But it was a wide open road, just a through way from one Avenida to another, and there was no place to hide. Still running, I glanced around me for inspiration. I bore a sharp right again, heading instinctively down a more built up street, Calle Greco. Four storey buildings rose high either side, and I figured I was now on the other side of the bar Gambrinus. I heard Hans round the corner behind me, and took up the pace again. I sprinted past a couple of grocery stores, desperately searching for an open door or fire escape I could dash into. I was in his plain view again, and needed to find a way of staying out of his eyeline.
I came to a corrugated security door, the type that slides in front of a store at night for extra protection, and noticed there was about three inches of gap at the bottom. Without thinking, I reached down and with all my strength gave it a hefty tug upwards. By dint of fate it budged a few more inches, and I was able to get down on all fours and slide underneath, instantly pivoting back on myself and slamming it down shut just as Hans reached the other side and began banging on it in fury. The noise was deafening in the small area I now found myself hiding in and yet again I couldn’t help worrying, despite the insane apparition that was chasing me, that all the noise would bring even more unsavoury predators out of the woodwork. I lay still, trying to take stock of the surroundings, while the intense banging continued.
Visions of the living fog/smoke that had chased down the mountain towards me at Playa Blanca flew threw my head, and I found myself begging for it to come again and this time claim Hans in its grasp.
I rubbed my eyes and tried to focus on the surroundings again. My eyes wouldn’t adjust to the darkness having come straight out of bright sunlight, and it took a moment for it to come into clarity. I was in a store room of some sort. Wooden boxes marked verduras lined the walls and there was a dank, musty odour of old food. I must be in the back of a restaurant or grocery store, I thought.
I hauled myself to my feet and stepped through the darkness, barking my shin on something hard and letting out a small yelp of pain. Hans must have heard, as his banging on the metal door went up a notch and I heard him screaming.
“Get your ass bick out here and face me like a man!” he was bellowing. “I’ll ring your scrawny little nick you kent!”
Instinctively I furrowed my eyebrows in confusion. What the hell had made him so angry at me? I continued in to the store room, my vision adjusting with each step and saw a staircase leading upwards. Putting a storey or two between me and this madman suddenly seemed like a tip-top plan, and I ran up it in three or four steps.

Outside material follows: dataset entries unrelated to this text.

definition dga_hom ::
  "('k::field \<Rightarrow> 'a::ring_1) \<Rightarrow> (nat \<Rightarrow> 'a set) \<Rightarrow> ('a \<Rightarrow> 'a) \<Rightarrow>
   ('k \<Rightarrow> 'b::ring_1) \<Rightarrow> (nat \<Rightarrow> 'b set) \<Rightarrow> ('b \<Rightarrow> 'b) \<Rightarrow> ('a \<Rightarrow> 'b) \<Rightarrow> bool" where
  "dga_hom \<iota>1 A1 d1 \<iota>2 A2 d2 \<phi> \<longleftrightarrow>
     (\<forall>x y. \<phi> (x + y) = \<phi> x + \<phi> y) \<and> (\<forall>x y. \<phi> (x * y) = \<phi> x * \<phi> y) \<and> \<phi> 1 = 1 \<and>
     (\<forall>c. \<phi> (\<iota>1 c) = \<iota>2 c) \<and>
     (\<forall>i. \<phi> ` A1 i \<subseteq> A2 i) \<and>
     (\<forall>x. \<phi> (d1 x) = d2 (\<phi> x))"

definition cocycles :: "(nat \<Rightarrow> 'a::ring_1 set) \<Rightarrow> ('a \<Rightarrow> 'a) \<Rightarrow> nat \<Rightarrow> 'a set" where
  "cocycles A d i = {x \<in> A i. d x = 0}"

fun coboundaries :: "(nat \<Rightarrow> 'a::ring_1 set) \<Rightarrow> ('a \<Rightarrow> 'a) \<Rightarrow> nat \<Rightarrow> 'a set" where
  "coboundaries A d 0 = {0}"
| "coboundaries A d (Suc i) = d ` A i"

text \<open>H^0(A) = Z^0(A) is isomorphic to K as a K-vector space.\<close>
definition cohom_connected :: "('k::field \<Rightarrow> 'a::ring_1) \<Rightarrow> (nat \<Rightarrow> 'a set) \<Rightarrow> ('a \<Rightarrow> 'a) \<Rightarrow> bool" where
  "cohom_connected \<iota> A d \<longleftrightarrow>
     (\<exists>f. bij_betw f (UNIV :: 'k set) (cocycles A d 0) \<and>
          (\<forall>x y. f (x + y) = f x + f y) \<and> (\<forall>c x. f (c * x) = \<iota> c * f x))"

definition induces_cohom_iso ::
  "(nat \<Rightarrow> 'a::ring_1 set) \<Rightarrow> ('a \<Rightarrow> 'a) \<Rightarrow> (nat \<Rightarrow> 'b::ring_1 set) \<Rightarrow> ('b \<Rightarrow> 'b) \<Rightarrow>
   ('a \<Rightarrow> 'b) \<Rightarrow> nat \<Rightarrow> bool" where
  "induces_cohom_iso A1 d1 A2 d2 \<phi> i \<longleftrightarrow>
     (\<forall>x\<in>cocycles A1 d1 i. \<phi> x \<in> coboundaries A2 d2 i \<longrightarrow> x \<in> coboundaries A1 d1 i) \<and>
     (\<forall>y\<in>cocycles A2 d2 i. \<exists>x\<in>cocycles A1 d1 i. \<phi> x - y \<in> coboundaries A2 d2 i)"

definition is_subspace :: "('n \<Rightarrow> 'k::field) set \<Rightarrow> bool" where
  "is_subspace S \<longleftrightarrow> (\<lambda>_. 0) \<in> S \<and> (\<forall>u\<in>S. \<forall>v\<in>S. (\<lambda>p. u p + v p) \<in> S) \<and>
     (\<forall>c. \<forall>v\<in>S. (\<lambda>p. c * v p) \<in> S)"

definition incr_filtration :: "(int \<Rightarrow> ('n \<Rightarrow> 'k::field) set) \<Rightarrow> bool" where
  "incr_filtration W \<longleftrightarrow> (\<forall>i. is_subspace (W i)) \<and> (\<forall>i. W i \<subseteq> W (i + 1)) \<and>
     (\<exists>a b. W a = {\<lambda>_. 0} \<and> W b = UNIV)"

definition endo_apply :: "('n::finite \<Rightarrow> 'n \<Rightarrow> 'k::field) \<Rightarrow> ('n \<Rightarrow> 'k) \<Rightarrow> ('n \<Rightarrow> 'k)" where
  "endo_apply E v = (\<lambda>p. \<Sum>q\<in>UNIV. E p q * v q)"

definition W_End :: "(int \<Rightarrow> ('n::finite \<Rightarrow> 'k::field) set) \<Rightarrow> int \<Rightarrow> ('n \<Rightarrow> 'n \<Rightarrow> 'k) set" where
  "W_End W k = {E. \<forall>i. \<forall>v\<in>W i. endo_apply E v \<in> W (i + k)}"

text \<open>S \<otimes> T inside A \<otimes> End(V): finite sums of elementary tensors a \<otimes> E.\<close>
definition tensor :: "('k::field \<Rightarrow> 'a::ring_1) \<Rightarrow> 'a set \<Rightarrow> ('n \<Rightarrow> 'n \<Rightarrow> 'k) set \<Rightarrow> ('n \<Rightarrow> 'n \<Rightarrow> 'a) set" where
  "tensor \<iota> S T = {M. \<exists>xs. (\<forall>(a, E)\<in>set xs. a \<in> S \<and> E \<in> T) \<and>
       M = (\<lambda>p q. sum_list (map (\<lambda>(a, E). a * \<iota> (E p q)) xs))}"

definition mat_mult :: "('n::finite \<Rightarrow> 'n \<Rightarrow> 'a::ring_1) \<Rightarrow> ('n \<Rightarrow> 'n \<Rightarrow> 'a) \<Rightarrow> ('n \<Rightarrow> 'n \<Rightarrow> 'a)" where
  "mat_mult M N = (\<lambda>p q. \<Sum>r\<in>UNIV. M p r * N r q)"

definition mat_bracket :: "nat \<Rightarrow> nat \<Rightarrow> ('n::finite \<Rightarrow> 'n \<Rightarrow> 'a::ring_1) \<Rightarrow> ('n \<Rightarrow> 'n \<Rightarrow> 'a) \<Rightarrow> ('n \<Rightarrow> 'n \<Rightarrow> 'a)" where
  "mat_bracket i j M N = (\<lambda>p q. mat_mult M N p q - (-1) ^ (i * j) * mat_mult N M p q)"

definition mat_map :: "('a \<Rightarrow> 'b) \<Rightarrow> ('n \<Rightarrow> 'n \<Rightarrow> 'a) \<Rightarrow> ('n \<Rightarrow> 'n \<Rightarrow> 'b)" where
  "mat_map f M = (\<lambda>p q. f (M p q))"

definition Fnil_obj :: "('k::field \<Rightarrow> 'a::ring_1) \<Rightarrow> (nat \<Rightarrow> 'a set) \<Rightarrow> ('a \<Rightarrow> 'a) \<Rightarrow>
    (int \<Rightarrow> ('n::finite \<Rightarrow> 'k) set) \<Rightarrow> ('n \<Rightarrow> 'n \<Rightarrow> 'a) \<Rightarrow> bool" where
  "Fnil_obj \<iota> A d W \<omega> \<longleftrightarrow> \<omega> \<in> tensor \<iota> (A 1) (W_End W (-1)) \<and>
     (\<forall>p q. d (\<omega> p q) + \<iota> (1/2) * mat_bracket 1 1 \<omega> \<omega> p q = 0)"

definition Fnil_hom :: "('k::field \<Rightarrow> 'a::ring_1) \<Rightarrow> (nat \<Rightarrow> 'a set) \<Rightarrow> ('a \<Rightarrow> 'a) \<Rightarrow>
    (int \<Rightarrow> ('n::finite \<Rightarrow> 'k) set) \<Rightarrow> ('n \<Rightarrow> 'n \<Rightarrow> 'a) \<Rightarrow> ('n \<Rightarrow> 'n \<Rightarrow> 'a) \<Rightarrow> ('n \<Rightarrow> 'n \<Rightarrow> 'a) set" where
  "Fnil_hom \<iota> A d W \<omega>1 \<omega>2 = {a. a \<in> tensor \<iota> (A 0) (W_End W 0) \<and>
     (\<forall>p q. d (a p q) + mat_mult \<omega>1 a p q - mat_mult a \<omega>2 p q = 0)}"

definition Fnil_gr_hom :: "('k::field \<Rightarrow> 'a::ring_1) \<Rightarrow> (nat \<Rightarrow> 'a set) \<Rightarrow> ('a \<Rightarrow> 'a) \<Rightarrow>
    (int \<Rightarrow> ('n::finite \<Rightarrow> 'k) set) \<Rightarrow> ('n \<Rightarrow> 'n \<Rightarrow> 'a) \<Rightarrow> ('n \<Rightarrow> 'n \<Rightarrow> 'a) \<Rightarrow> ('n \<Rightarrow> 'n \<Rightarrow> 'a) set" where
  "Fnil_gr_hom \<iota> A d W \<omega>1 \<omega>2 =
     {a. (\<lambda>p q. a p q - (if p = q then 1 else 0)) \<in> tensor \<iota> (A 0) (W_End W (-1)) \<and>
     (\<forall>p q. d (a p q) + mat_mult \<omega>1 a p q - mat_mult a \<omega>2 p q = 0)}"

end

theory Submission
  imports Defs "HOL-Library.Function_Algebras"
begin

text \<open>Say a matrix over \<open>A\<close> has weight \<open>k\<close> if it lies in \<open>A \<otimes> W\<^sub>k(End V)\<close>. Morphisms
  \<open>\<omega>1 \<rightarrow> \<omega>2\<close> are the weight-0 solutions of \<open>da + \<omega>1 a - a \<omega>2 = 0\<close>, and since the \<open>\<omega>i\<close>
  have weight \<open>-1\<close> this equation can be analysed one weight at a time, using coordinates on a
  complement of \<open>W\<^sub>k\<^sub>-\<^sub>1\<close> in \<open>W\<^sub>k\<close>; the process stops because \<open>W\<^sub>k(End V) = 0\<close> for
  sufficiently negative \<open>k\<close>.

  Injectivity: the leading coordinates of the difference of two morphisms with equal images are
  degree-0 cocycles killed by \<open>\<phi>\<close>, hence zero since \<open>H\<^sup>0(\<phi>)\<close> is injective.

  Surjectivity: given a morphism \<open>b\<close> downstairs, improve an approximate preimage \<open>a\<close> alternately
  in two ways. The leading coordinates of the error \<open>b - \<phi> a\<close> are closed of degree 0, hence
  constants, which lift. The leading coordinates of the defect \<open>da + \<omega>1 a - a \<omega>2\<close> are
  1-cocycles that \<open>\<phi>\<close> maps to coboundaries, hence coboundaries because \<open>H\<^sup>1(\<phi>)\<close> is injective,
  and subtracting their primitives lowers the weight of the defect.

  For the graded category the same weight-lowering step, applied to \<open>a - id\<close>, shows that a
  preimage of a unipotent morphism is unipotent.\<close>

lemma sum_fun_apply: "sum f A x = (\<Sum>a\<in>A. f a x)"
  by (induction A rule: infinite_finite_induct) auto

There was another, this time PVC, door at the top which yielded with much less effort than the security door below, and I found myself in another store room. This one smelled more of chemicals, and shaving foam or something, and indeed through a set of flimsy curtains I came into a hairdresser’s salon which must have sat above the restaurants lining the beach in front of Fred Olsen.

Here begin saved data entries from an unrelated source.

(* Let $G=(V,E)$ be a claw-free graph, let $v\in V$ and let $k$ be a positive integer. There exists an independent dominating set of $G$ of size at most $k$ containing $v$ if and only if there exists an independent dominating set of size at most $k-1$ in the induced subgraph $G[V\setminus N[v]]$.
   Context: Graphs are finite, simple, undirected; a graph is claw-free if it has no induced $K_{1,3}$. $N[v]$ is the closed neighbourhood of $v$. An independent dominating set is a set $S$ of pairwise non-adjacent vertices such that every vertex outside $S$ has a neighbour in $S$. *)

theory Defs
  imports Main
begin

definition simple_graph :: "'a set \<Rightarrow> ('a \<Rightarrow> 'a \<Rightarrow> bool) \<Rightarrow> bool" where
  "simple_graph V E \<longleftrightarrow> finite V \<and> (\<forall>x y. E x y \<longrightarrow> x \<in> V \<and> y \<in> V)
     \<and> (\<forall>x y. E x y \<longrightarrow> E y x) \<and> (\<forall>x. \<not> E x x)"

definition claw_free :: "'a set \<Rightarrow> ('a \<Rightarrow> 'a \<Rightarrow> bool) \<Rightarrow> bool" where
  "claw_free V E \<longleftrightarrow> \<not> (\<exists>c\<in>V. \<exists>a\<in>V. \<exists>b\<in>V. \<exists>d\<in>V.
      E c a \<and> E c b \<and> E c d \<and> a \<noteq> b \<and> a \<noteq> d \<and> b \<noteq> d
      \<and> \<not> E a b \<and> \<not> E a d \<and> \<not> E b d)"

definition closed_nbhd :: "'a set \<Rightarrow> ('a \<Rightarrow> 'a \<Rightarrow> bool) \<Rightarrow> 'a \<Rightarrow> 'a set" where
  "closed_nbhd V E v = {u \<in> V. u = v \<or> E v u}"

definition induced_adj :: "('a \<Rightarrow> 'a \<Rightarrow> bool) \<Rightarrow> 'a set \<Rightarrow> 'a \<Rightarrow> 'a \<Rightarrow> bool" where
  "induced_adj E W x y \<longleftrightarrow> x \<in> W \<and> y \<in> W \<and> E x y"

definition independent_dominating_set :: "'a set \<Rightarrow> ('a \<Rightarrow> 'a \<Rightarrow> bool) \<Rightarrow> 'a set \<Rightarrow> bool" where
  "independent_dominating_set V E S \<longleftrightarrow> S \<subseteq> V
     \<and> (\<forall>x\<in>S. \<forall>y\<in>S. \<not> E x y)
     \<and> (\<forall>x\<in>V - S. \<exists>y\<in>S. E x y)"

end

theory Submission
  imports Defs
begin

text \<open>Removing \<open>v\<close> from an independent dominating set \<open>S\<close> containing it leaves an independent
dominating set of \<open>G[V - N[v]]\<close>, and conversely adding \<open>v\<close> to one of \<open>G[V - N[v]]\<close> gives one of \<open>G\<close>
containing \<open>v\<close>; the two operations change the size by exactly one.\<close>

lemma independent_dominating_set_remove_vertex:
  assumes "simple_graph V E" and "independent_dominating_set V E S" and "v \<in> S"
  defines "W \<equiv> V - closed_nbhd V E v"
  shows "independent_dominating_set W (induced_adj E W) (S - {v})"
proof -
  have sym: "\<And>x y. E x y \<Longrightarrow> E y x"
    using assms(1) unfolding simple_graph_def by blast
  have sub: "S - {v} \<subseteq> W"
    using assms(2,3) unfolding W_def independent_dominating_set_def closed_nbhd_def by auto
  have dominated: "\<exists>y\<in>S - {v}. induced_adj E W x y" if x: "x \<in> W - (S - {v})" for x
  proof -
    from x have "x \<in> V - S" "\<not> E v x"
      unfolding W_def closed_nbhd_def by auto
    then obtain y where y: "y \<in> S" "E x y"
      using assms(2) unfolding independent_dominating_set_def by blast
    have "y \<noteq> v" using y(2) \<open>\<not> E v x\<close> sym by blast
    with x y sub show ?thesis
      unfolding induced_adj_def by auto
  qed
  have "\<forall>x\<in>S - {v}. \<forall>y\<in>S - {v}. \<not> induced_adj E W x y"
    using assms(2) unfolding independent_dominating_set_def induced_adj_def by blast
  with sub dominated show ?thesis
    unfolding independent_dominating_set_def by blast
qed

lemma independent_dominating_set_insert_vertex:
  assumes "simple_graph V E" and "v \<in> V"
  defines "W \<equiv> V - closed_nbhd V E v"
  assumes "independent_dominating_set W (induced_adj E W) T"
  shows "independent_dominating_set V E (insert v T)"
proof -
  have sym: "\<And>x y. E x y \<Longrightarrow> E y x" and irrefl: "\<And>x. \<not> E x x"
    and edge_in_V: "\<And>x y. E x y \<Longrightarrow> x \<in> V \<and> y \<in> V"
    using assms(1) unfolding simple_graph_def by blast+
  have TW: "T \<subseteq> W"
    using assms(4) unfolding independent_dominating_set_def by blast
  have v_T: "\<not> E v y" if "y \<in> T" for y
    using that TW edge_in_V unfolding W_def closed_nbhd_def by blast
  have T_indep: "\<not> E x y" if "x \<in> T" "y \<in> T" for x y
    using that TW assms(4) unfolding independent_dominating_set_def induced_adj_def by blast
  have dominated: "\<exists>y\<in>insert v T. E x y" if x: "x \<in> V - insert v T" for x
  proof (cases "x \<in> closed_nbhd V E v")
    case True
    with x sym show ?thesis unfolding closed_nbhd_def by auto
  next
    case False
    with x have "x \<in> W - T" unfolding W_def by blast
    then show ?thesis
      using assms(4) unfolding independent_dominating_set_def induced_adj_def by blast
  qed
  have "insert v T \<subseteq> V"
    using TW assms(2) unfolding W_def by blast
  moreover have "\<forall>x\<in>insert v T. \<forall>y\<in>insert v T. \<not> E x y"
    using v_T T_indep sym irrefl by blast
  ultimately show ?thesis
    using dominated unfolding independent_dominating_set_def by blast
qed

theorem lemma2:
  fixes V :: "'a set" and E :: "'a \<Rightarrow> 'a \<Rightarrow> bool" and v :: 'a and k :: nat
  assumes "simple_graph V E" and "claw_free V E" and "v \<in> V" and "k \<ge> 1"
  shows "(\<exists>S. independent_dominating_set V E S \<and> card S \<le> k \<and> v \<in> S)
     \<longleftrightarrow> (\<exists>T. independent_dominating_set (V - closed_nbhd V E v)
                  (induced_adj E (V - closed_nbhd V E v)) T \<and> card T \<le> k - 1)"
proof
  have fin: "finite V"
    using assms(1) unfolding simple_graph_def by blast
  let ?W = "V - closed_nbhd V E v"
  show "\<exists>T. independent_dominating_set ?W (induced_adj E ?W) T \<and> card T \<le> k - 1"
    if "\<exists>S. independent_dominating_set V E S \<and> card S \<le> k \<and> v \<in> S"
  proof -
    from that obtain S where S: "independent_dominating_set V E S" "card S \<le> k" "v \<in> S"
      by blast
    have "finite S"
      using S(1) fin finite_subset unfolding independent_dominating_set_def by blast
    then have "card (S - {v}) \<le> k - 1"
      using S(2,3) by (simp add: card_Diff_singleton)
    with independent_dominating_set_remove_vertex[OF assms(1) S(1,3)] show ?thesis by blast
  qed
  show "\<exists>S. independent_dominating_set V E S \<and> card S \<le> k \<and> v \<in> S"
    if "\<exists>T. independent_dominating_set ?W (induced_adj E ?W) T \<and> card T \<le> k - 1"
  proof -
    from that obtain T where T: "independent_dominating_set ?W (induced_adj E ?W) T" "card T \<le> k - 1"
      by blast
    have "card (insert v T) \<le> k"
      using card_insert_le_m1[OF _ T(2)] assms(4) by simp
    with independent_dominating_set_insert_vertex[OF assms(1,3) T(1)] show ?thesis by blast
  qed
qed

end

The entrance door was locked, but a good kick or two at the lock and it soon flung open, and I came out on a concrete balcony confirming my suspicions as it looked out over the beach.
I paused for a second, and realised the muffled banging coming from below had stopped. This could mean two things… Hans had either given up trying to get into the storeroom and was looking at alternative means of entry in my pursuit, or he had gotten in and was again right behind me.
I ran along the concrete balcony, which was a walkway to various commercial outlets on the second floor above the restaurants. There was an opticians and a couple of real estate agencies, but they were all shut and had big, glass frontages that wouldn’t offer much by way of a hiding place. I looked over the balcony at the street below.
Only a ten foot or so drop, I could jump it!
I leapt up onto the wall and steadied myself, and was about to jump when something out of the corner of my vision stopped me. It was a sign above a store frontage. It took a split second for me to register it, but when I did I froze stiff as the meaning of the sign sank in.
At that precise moment, in my crouching position about to leap to the concrete paving below, my foot caught underneath me. Momentum conspired against me as it had on the glass roof of the Sun Royal when I had tried to disable the alarm. I lost my balance and shot forward head first into nothing but air.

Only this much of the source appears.